Pokes, Tweets, And Legally Significant Notice

An Australian court rules that a mortgage company can issue notice of a lien over Facebook. A court in the UK permits an injunction to be served via Twitter. A woman is arrested in Tennessee for “poking” someone over Facebook in violation of a protective order. Meanwhile, a 1978 provision of the Bankruptcy Code still provides that notice shall “be published at least once a week for three successive weeks in at least one newspaper of general circulation.” New forms (and norms) of communication are both expanding and contracting the avenues for legally meaningful notice. Just how do we know, in this uncharted new landscape, when notice is enough?
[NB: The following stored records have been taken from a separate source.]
(* Let $G$ be a finite group and $n$ a positive divisor of $|G|$. Then $G$ has at least $d(n)$ cyclic subgroups whose order divides $n$. Moreover the following are equivalent: (1) for every positive divisor $m$ of $n$, $G$ has exactly $m$ elements $x$ with $x^m=1$; (2) $G$ has exactly $d(n)$ cyclic subgroups whose order divides $n$; (3) the subgroup of $G$ generated by all cyclic subgroups of $G$ of order dividing $n$ is cyclic of order $n$.
   Context: $d(n)$ denotes the number of positive divisors of $n$. *)

theory Defs
  imports "HOL-Algebra.Algebra"
begin

definition num_divisors :: "nat \<Rightarrow> nat" where
  "num_divisors n = card {m. 0 < m \<and> m dvd n}"

definition cyclic_subgroup :: "('a, 'b) monoid_scheme \<Rightarrow> 'a set \<Rightarrow> bool" where
  "cyclic_subgroup G H \<longleftrightarrow> (\<exists>g \<in> carrier G. H = generate G {g})"

end

theory Submission
  imports Defs "HOL-Number_Theory.Totient"
begin

text \<open>
  Write N(m) for the number of solutions of x^m = 1 in G. Counting generators,
  N(m) is the sum of \<phi>(|H|) over the cyclic subgroups H with |H| dividing m. Evaluating this at
  m = gcd(u - 1, n) and summing over the totatives u of n, each cyclic subgroup H with |H| dividing n
  is met by exactly \<phi>(n)/\<phi>(|H|) totatives (those with u \<equiv> 1 mod |H|), so the sum is
  c(n) \<phi>(n), where c(n) is the number of such subgroups; the same computation in a cyclic group of
  order n is Menon's identity, summing gcd(u - 1, n) to d(n) \<phi>(n). Frobenius' theorem (m dividing |G|
  implies m dividing N(m)) bounds the summands termwise, N(gcd(u - 1, n)) \<ge> gcd(u - 1, n), which
  gives c(n) \<ge> d(n), with equality iff all these bounds are sharp. Every divisor m of n is some
  gcd(u - 1, n), except when n is even and m is odd; then an involution shows N(m) < N(2m) = 2m, and
  Frobenius forces N(m) = m. Finally, N(m) = m for all m dividing n yields an element of order n whose
  cyclic subgroup contains all solutions of x^n = 1, and conversely x^m = 1 has exactly m solutions
  in a cyclic group of order n.

  Frobenius' theorem is proved by induction on |G| and downwards on n. For n = p^e r with p a prime
  dividing |G|/n, the solutions of x^(a r) = 1 with a coprime to r are the commuting products of
  solutions of x^a = 1 and x^r = 1; grouping them along conjugacy classes and applying the induction
  hypothesis in the centralizers of non-central elements yields divisibility by r and by p^e.
\<close>

section \<open>Totatives and Menon's identity\<close>

lemma coprime_if_no_common_prime_factor:
  fixes a b :: nat
  assumes "\<And>p. Factorial_Ring.prime p \<Longrightarrow> p dvd a \<Longrightarrow> p dvd b \<Longrightarrow> False"
  shows "coprime a b"
proof (rule ccontr)
  assume "\<not> coprime a b"
  then obtain p where "Factorial_Ring.prime p" "p dvd gcd a b"
    using prime_factor_nat by (metis coprime_iff_gcd_eq_1)
  with assms show False by auto
qed

lemma prime_dvd_prod_primes_iff:
  fixes A :: "nat set"
  assumes "finite A" "\<forall>a\<in>A. Factorial_Ring.prime a" "Factorial_Ring.prime q"
  shows "q dvd \<Prod>A \<longleftrightarrow> q \<in> A"
  using assms prime_dvd_prod_iff[of A q id] primes_dvd_imp_eq[of q] by (auto intro: dvd_prodI)

lemma dvd_prime_power_Suc_iff:
  fixes p k :: nat
  assumes "Factorial_Ring.prime p"
  shows "k dvd p ^ Suc e \<longleftrightarrow> k dvd p ^ e \<or> k = p ^ Suc e"
proof
  assume "k dvd p ^ Suc e"
  then obtain i where "i \<le> Suc e" "k = p ^ i" using divides_primepow_nat[OF assms] by blast
  thus "k dvd p ^ e \<or> k = p ^ Suc e" by (cases "i = Suc e") (auto simp: le_imp_power_dvd)
next
  assume "k dvd p ^ e \<or> k = p ^ Suc e"
  thus "k dvd p ^ Suc e" using dvd_trans[of k "p ^ e" "p ^ Suc e"] by auto
qed

lemma exists_prime_split_dvd:
  fixes n N :: nat
  assumes "n dvd N" "n \<noteq> N" "N > 0"
  shows "\<exists>p e r. Factorial_Ring.prime p \<and> n = p ^ e * r \<and> coprime p r \<and> p * n dvd N"
proof -
  have "n > 0" using assms by (intro gr0I) auto
  obtain q where q: "N = n * q" using assms(1) by blast
  hence "q \<noteq> 1" using assms(2) by auto
  then obtain p where p: "Factorial_Ring.prime p" "p dvd q" using prime_factor_nat by blast
  obtain r where r: "n = p ^ multiplicity p n * r" "\<not> p dvd r"
    using multiplicity_decompose'[of n p] \<open>n > 0\<close> prime_gt_1_nat[OF p(1)] by auto
  moreover have "coprime p r" using prime_imp_coprime[OF p(1) r(2)] .
  moreover have "p * n dvd N" using q p(2) by (simp add: mult.commute mult_dvd_mono)
  ultimately show ?thesis using p(1) by blast
qed

lemma mod_in_totatives:
  fixes x n :: nat
  assumes "n > 1" "coprime x n"
  shows "x mod n \<in> totatives n"
  using assms power_in_totatives[of n x 1] by (simp add: coprime_commute)

lemma exists_coprime_cong:
  fixes n k v :: nat
  assumes "n > 0" "k dvd n" "coprime v k"
  shows "\<exists>w. coprime w n \<and> [w = v] (mod k)"
proof -
  define A where "A = {p. Factorial_Ring.prime p \<and> p dvd n \<and> \<not> p dvd v}"
  have "A \<subseteq> {..n}" using \<open>n > 0\<close> by (auto simp: A_def dest: dvd_imp_le)
  hence finA: "finite A" by (rule finite_subset) simp
  have primeA: "\<forall>a\<in>A. Factorial_Ring.prime a" by (simp add: A_def)
  define w where "w = v + k * \<Prod>A"
  \<comment> \<open>every prime factor of n divides exactly one of the two summands of w\<close>
  have "coprime w n"
  proof (rule coprime_if_no_common_prime_factor)
    fix p assume p: "Factorial_Ring.prime p" "p dvd w" "p dvd n"
    show False
    proof (cases "p dvd v")
      case True
      hence "p dvd k * \<Prod>A" using p(2) by (simp add: w_def dvd_add_right_iff)
      moreover have "\<not> p dvd k" using True assms(3) p(1) coprime_common_divisor not_prime_unit by blast
      ultimately have "p \<in> A" using p(1) prime_dvd_prod_primes_iff[OF finA primeA p(1)]
        by (simp add: prime_dvd_mult_iff)
      with True show False by (simp add: A_def)
    next
      case False
      hence "p dvd \<Prod>A" using p prime_dvd_prod_primes_iff[OF finA primeA p(1)] by (simp add: A_def)
      hence "p dvd v" using p(2) by (simp add: w_def dvd_add_left_iff)
      with False show False by simp
    qed
  qed
  moreover have "[w = v] (mod k)" by (simp add: w_def cong_def)
  ultimately show ?thesis by blast
qed

lemma card_totatives_cong_le_of_mult:
  fixes n k a b c :: nat
  assumes "n > 1" "k dvd n" "coprime c n" "[a * c = b] (mod k)"
  shows "card {u \<in> totatives n. [u = a] (mod k)} \<le> card {u \<in> totatives n. [u = b] (mod k)}"
proof (rule card_inj_on_le)
  show "inj_on (\<lambda>u. u * c mod n) {u \<in> totatives n. [u = a] (mod k)}"
  proof (rule inj_onI)
    fix u u' assume u: "u \<in> {u \<in> totatives n. [u = a] (mod k)}" "u' \<in> {u \<in> totatives n. [u = a] (mod k)}"
      and "u * c mod n = u' * c mod n"
    hence "[u = u'] (mod n)" using cong_mult_rcancel_nat[OF assms(3)] by (simp add: cong_def)
    moreover have "u < n" "u' < n" using u totatives_less[OF _ assms(1)] by auto
    ultimately show "u = u'" using cong_less_imp_eq_nat by simp
  qed
  show "(\<lambda>u. u * c mod n) ` {u \<in> totatives n. [u = a] (mod k)} \<subseteq> {u \<in> totatives n. [u = b] (mod k)}"
  proof (rule image_subsetI)
    fix u assume "u \<in> {u \<in> totatives n. [u = a] (mod k)}"
    hence u: "u \<in> totatives n" "[u = a] (mod k)" by simp_all
    have "coprime (u * c) n" using u(1) assms(3) by (simp add: in_totatives_iff)
    hence "u * c mod n \<in> totatives n" by (rule mod_in_totatives[OF assms(1)])
    moreover have "[u * c mod n = b] (mod k)"
    proof -
      have "[u * c mod n = u * c] (mod k)"
        using cong_dvd_modulus_nat[of "u * c mod n" "u * c" n k] assms(2) by simp
      also have "[u * c = a * c] (mod k)" using u(2) by (simp add: cong_mult)
      finally show ?thesis using assms(4) by (rule cong_trans)
    qed
    ultimately show "u * c mod n \<in> {u \<in> totatives n. [u = b] (mod k)}" by simp
  qed
qed simp

lemma card_totatives_cong_eq:
  fixes n k v :: nat
  assumes "n > 1" "k dvd n" "coprime v k"
  shows "card {u \<in> totatives n. [u = v] (mod k)} = card {u \<in> totatives n. [u = 1] (mod k)}"
proof -
  obtain w where w: "coprime w n" "[w = v] (mod k)"
    using exists_coprime_cong[of n k v] assms by auto
  obtain x where x: "[w * x = 1] (mod n)" using cong_solve_coprime_nat[OF w(1)] by auto
  have "[x * w = Suc 0] (mod n)" using x by (simp add: mult.commute)
  hence "coprime x n" by (auto simp: coprime_iff_invertible_nat)
  have "[1 * w = v] (mod k)" using w(2) by simp
  moreover have "[v * x = w * x] (mod k)" using w(2) by (simp add: cong_mult cong_sym)
  hence "[v * x = 1] (mod k)" using cong_dvd_modulus_nat[OF x \<open>k dvd n\<close>] by (rule cong_trans)
  ultimately show ?thesis
    using card_totatives_cong_le_of_mult[OF assms(1,2) w(1)]
      card_totatives_cong_le_of_mult[OF assms(1,2) \<open>coprime x n\<close>]
    by (meson le_antisym)
qed

lemma card_totatives_cong_one:
  fixes n k :: nat
  assumes "n > 0" "k dvd n"
  shows "card {u \<in> totatives n. [u = 1] (mod k)} * totient k = totient n"
proof (cases "k = 1")
  case True
  thus ?thesis by (simp add: totient_def)
next
  case False
  moreover have "k \<noteq> 0" using assms by auto
  ultimately have "k > 1" by simp
  hence "n > 1" using dvd_imp_le[OF assms(2,1)] by linarith
  define A where "A v = {u \<in> totatives n. [u = v] (mod k)}" for v
  have partition: "totatives n = (\<Union>v\<in>totatives k. A v)"
  proof (intro equalityI subsetI)
    fix u assume u: "u \<in> totatives n"
    hence "coprime u k" using coprime_divisors[OF dvd_refl assms(2)] by (simp add: in_totatives_iff)
    hence "u mod k \<in> totatives k" by (rule mod_in_totatives[OF \<open>k > 1\<close>])
    moreover have "u \<in> A (u mod k)" using u by (simp add: A_def cong_sym)
    ultimately show "u \<in> (\<Union>v\<in>totatives k. A v)" by blast
  qed (auto simp: A_def)
  have disjoint: "A v \<inter> A v' = {}" if "v \<in> totatives k" "v' \<in> totatives k" "v \<noteq> v'" for v v'
  proof (rule ccontr)
    assume "A v \<inter> A v' \<noteq> {}"
    then obtain u where "[u = v] (mod k)" "[u = v'] (mod k)" by (auto simp: A_def)
    hence "[v = v'] (mod k)" by (blast intro: cong_trans cong_sym)
    moreover have "v < k" "v' < k" using that totatives_less[OF _ \<open>k > 1\<close>] by auto
    ultimately show False using cong_less_imp_eq_nat \<open>v \<noteq> v'\<close> by simp
  qed
  have "totient n = (\<Sum>v\<in>totatives k. card (A v))"
    unfolding totient_def partition using disjoint by (intro card_UN_disjoint) (auto simp: A_def)
  also have "\<dots> = (\<Sum>v\<in>totatives k. card (A 1))"
    unfolding A_def
    by (rule sum.cong[OF refl], rule card_totatives_cong_eq[OF \<open>n > 1\<close> assms(2)])
      (simp add: in_totatives_iff)
  finally show ?thesis by (simp add: A_def totient_def mult.commute)
qed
Two aspects are likely to be crucial. First, the communication must be sufficiently engaging to reflect the gravity and context of the relevant legal process. Communications exist on a spectrum of engagement from light and fleeting to sustained and captive. In the context of a protective order, where one person found another sufficiently disturbing to appeal to a court for relief, a “poke” is enough of a communication to constitute a violation. A tweet, however, represents a drop of water in a river of communication. It is far too fleeting to support service of process.

Second, the communication must be directed to the relevant community or communities. The police are on Facebook and MySpace; where's the Miranda warning page so we can all become "fans"? We should also update our laws to reflect the twenty-first century sea change toward new media. Reorganizing a municipality under Chapter 9? Better start thinking about DirectTV and Google Reader.